*Source material*

=== Section Start ===

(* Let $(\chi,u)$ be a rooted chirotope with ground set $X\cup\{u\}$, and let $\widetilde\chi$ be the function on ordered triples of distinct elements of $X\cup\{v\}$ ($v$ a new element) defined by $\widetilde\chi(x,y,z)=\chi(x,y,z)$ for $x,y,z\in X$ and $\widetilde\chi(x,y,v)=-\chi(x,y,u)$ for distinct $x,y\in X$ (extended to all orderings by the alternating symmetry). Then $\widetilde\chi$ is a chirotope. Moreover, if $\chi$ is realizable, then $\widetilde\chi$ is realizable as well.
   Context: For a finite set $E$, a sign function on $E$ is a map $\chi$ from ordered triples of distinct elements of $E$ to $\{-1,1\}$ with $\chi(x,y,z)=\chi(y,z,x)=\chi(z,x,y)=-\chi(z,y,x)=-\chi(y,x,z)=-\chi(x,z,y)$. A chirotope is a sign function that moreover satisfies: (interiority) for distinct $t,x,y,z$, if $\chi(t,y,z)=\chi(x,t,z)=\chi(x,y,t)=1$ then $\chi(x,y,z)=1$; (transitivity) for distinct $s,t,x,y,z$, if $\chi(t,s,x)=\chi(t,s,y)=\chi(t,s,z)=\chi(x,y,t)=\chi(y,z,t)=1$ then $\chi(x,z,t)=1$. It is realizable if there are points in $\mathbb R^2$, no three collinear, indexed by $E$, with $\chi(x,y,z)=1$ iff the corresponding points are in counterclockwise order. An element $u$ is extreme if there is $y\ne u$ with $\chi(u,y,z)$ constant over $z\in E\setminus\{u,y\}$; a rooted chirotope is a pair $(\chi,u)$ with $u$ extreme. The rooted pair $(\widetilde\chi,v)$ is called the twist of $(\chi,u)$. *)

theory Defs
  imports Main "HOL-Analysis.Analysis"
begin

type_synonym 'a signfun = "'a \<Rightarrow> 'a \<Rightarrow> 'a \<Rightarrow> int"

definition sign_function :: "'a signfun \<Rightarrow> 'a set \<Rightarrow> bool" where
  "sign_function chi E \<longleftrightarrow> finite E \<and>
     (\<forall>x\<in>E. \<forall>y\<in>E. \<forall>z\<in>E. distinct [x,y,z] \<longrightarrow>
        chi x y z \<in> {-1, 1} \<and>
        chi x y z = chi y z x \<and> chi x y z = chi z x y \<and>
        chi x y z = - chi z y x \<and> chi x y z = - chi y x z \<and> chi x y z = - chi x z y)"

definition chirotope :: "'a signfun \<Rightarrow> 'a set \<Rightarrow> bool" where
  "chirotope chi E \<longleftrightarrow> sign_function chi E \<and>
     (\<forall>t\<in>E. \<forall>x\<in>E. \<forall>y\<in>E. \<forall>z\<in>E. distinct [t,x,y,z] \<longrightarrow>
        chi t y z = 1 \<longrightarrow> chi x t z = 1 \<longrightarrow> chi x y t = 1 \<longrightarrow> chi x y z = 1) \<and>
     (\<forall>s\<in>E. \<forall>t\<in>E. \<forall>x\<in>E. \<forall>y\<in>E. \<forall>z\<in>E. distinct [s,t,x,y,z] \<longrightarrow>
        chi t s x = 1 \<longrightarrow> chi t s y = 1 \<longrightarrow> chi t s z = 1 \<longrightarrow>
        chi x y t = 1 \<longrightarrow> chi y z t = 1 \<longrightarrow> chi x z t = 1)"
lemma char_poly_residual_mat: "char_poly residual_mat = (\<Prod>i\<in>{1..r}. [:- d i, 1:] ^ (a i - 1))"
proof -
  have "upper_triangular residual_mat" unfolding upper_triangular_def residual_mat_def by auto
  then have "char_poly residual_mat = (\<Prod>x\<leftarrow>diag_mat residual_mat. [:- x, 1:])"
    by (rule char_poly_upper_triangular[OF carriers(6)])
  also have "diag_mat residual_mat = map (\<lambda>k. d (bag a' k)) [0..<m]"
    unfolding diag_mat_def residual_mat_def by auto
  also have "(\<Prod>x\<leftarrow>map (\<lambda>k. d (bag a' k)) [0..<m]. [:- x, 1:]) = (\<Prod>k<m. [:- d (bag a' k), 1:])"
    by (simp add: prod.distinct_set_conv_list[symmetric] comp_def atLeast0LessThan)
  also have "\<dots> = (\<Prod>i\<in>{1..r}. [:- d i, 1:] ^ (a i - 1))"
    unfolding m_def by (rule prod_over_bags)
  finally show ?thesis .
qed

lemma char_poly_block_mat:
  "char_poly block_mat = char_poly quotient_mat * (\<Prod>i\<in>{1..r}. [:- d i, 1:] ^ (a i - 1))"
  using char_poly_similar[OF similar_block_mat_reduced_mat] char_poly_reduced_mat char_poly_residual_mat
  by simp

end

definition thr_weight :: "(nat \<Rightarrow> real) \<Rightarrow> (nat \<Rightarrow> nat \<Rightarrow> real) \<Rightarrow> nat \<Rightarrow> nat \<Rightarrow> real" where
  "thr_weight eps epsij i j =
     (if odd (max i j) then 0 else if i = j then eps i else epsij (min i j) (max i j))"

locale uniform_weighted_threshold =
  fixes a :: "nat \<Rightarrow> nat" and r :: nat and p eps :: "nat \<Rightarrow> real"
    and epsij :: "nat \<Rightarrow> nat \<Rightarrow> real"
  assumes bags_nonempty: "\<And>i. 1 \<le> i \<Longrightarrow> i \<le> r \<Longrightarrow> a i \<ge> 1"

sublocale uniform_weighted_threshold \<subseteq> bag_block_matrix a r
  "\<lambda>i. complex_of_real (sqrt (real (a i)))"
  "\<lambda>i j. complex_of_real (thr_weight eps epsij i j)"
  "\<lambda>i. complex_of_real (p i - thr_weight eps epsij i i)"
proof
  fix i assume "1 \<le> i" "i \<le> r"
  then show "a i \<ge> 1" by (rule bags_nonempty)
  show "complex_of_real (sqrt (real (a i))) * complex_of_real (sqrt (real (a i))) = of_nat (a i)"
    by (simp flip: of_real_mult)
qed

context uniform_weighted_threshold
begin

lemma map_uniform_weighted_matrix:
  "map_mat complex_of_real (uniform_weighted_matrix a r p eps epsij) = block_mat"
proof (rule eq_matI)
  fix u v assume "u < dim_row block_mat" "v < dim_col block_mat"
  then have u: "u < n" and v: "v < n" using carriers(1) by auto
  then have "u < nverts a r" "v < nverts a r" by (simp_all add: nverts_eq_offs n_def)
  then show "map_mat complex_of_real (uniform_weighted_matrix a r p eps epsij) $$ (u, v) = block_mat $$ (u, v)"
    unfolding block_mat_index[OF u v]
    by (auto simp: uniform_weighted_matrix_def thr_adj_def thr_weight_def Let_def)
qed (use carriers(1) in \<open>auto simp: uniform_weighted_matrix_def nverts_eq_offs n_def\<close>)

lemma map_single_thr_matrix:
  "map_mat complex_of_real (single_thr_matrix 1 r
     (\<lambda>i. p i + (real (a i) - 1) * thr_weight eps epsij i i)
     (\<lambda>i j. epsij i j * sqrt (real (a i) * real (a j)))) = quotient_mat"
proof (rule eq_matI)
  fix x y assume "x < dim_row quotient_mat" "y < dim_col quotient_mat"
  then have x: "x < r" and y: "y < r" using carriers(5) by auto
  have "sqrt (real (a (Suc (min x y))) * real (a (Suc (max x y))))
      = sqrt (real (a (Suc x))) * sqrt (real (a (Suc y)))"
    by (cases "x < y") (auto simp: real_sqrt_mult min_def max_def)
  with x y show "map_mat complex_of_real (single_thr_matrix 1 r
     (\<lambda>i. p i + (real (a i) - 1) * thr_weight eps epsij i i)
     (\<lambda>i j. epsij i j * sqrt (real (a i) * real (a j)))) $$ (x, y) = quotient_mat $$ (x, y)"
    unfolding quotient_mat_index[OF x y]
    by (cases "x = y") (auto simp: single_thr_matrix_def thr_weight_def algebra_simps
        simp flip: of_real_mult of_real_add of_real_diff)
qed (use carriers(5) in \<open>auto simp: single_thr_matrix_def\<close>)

=== Section End ===

*What to produce*
Where a line above includes "leftarrow", copy that line.

*Solution to this task*
  then have "char_poly residual_mat = (\<Prod>x\<leftarrow>diag_mat residual_mat. [:- x, 1:])"
  also have "(\<Prod>x\<leftarrow>map (\<lambda>k. d (bag a' k)) [0..<m]. [:- x, 1:]) = (\<Prod>k<m. [:- d (bag a' k), 1:])"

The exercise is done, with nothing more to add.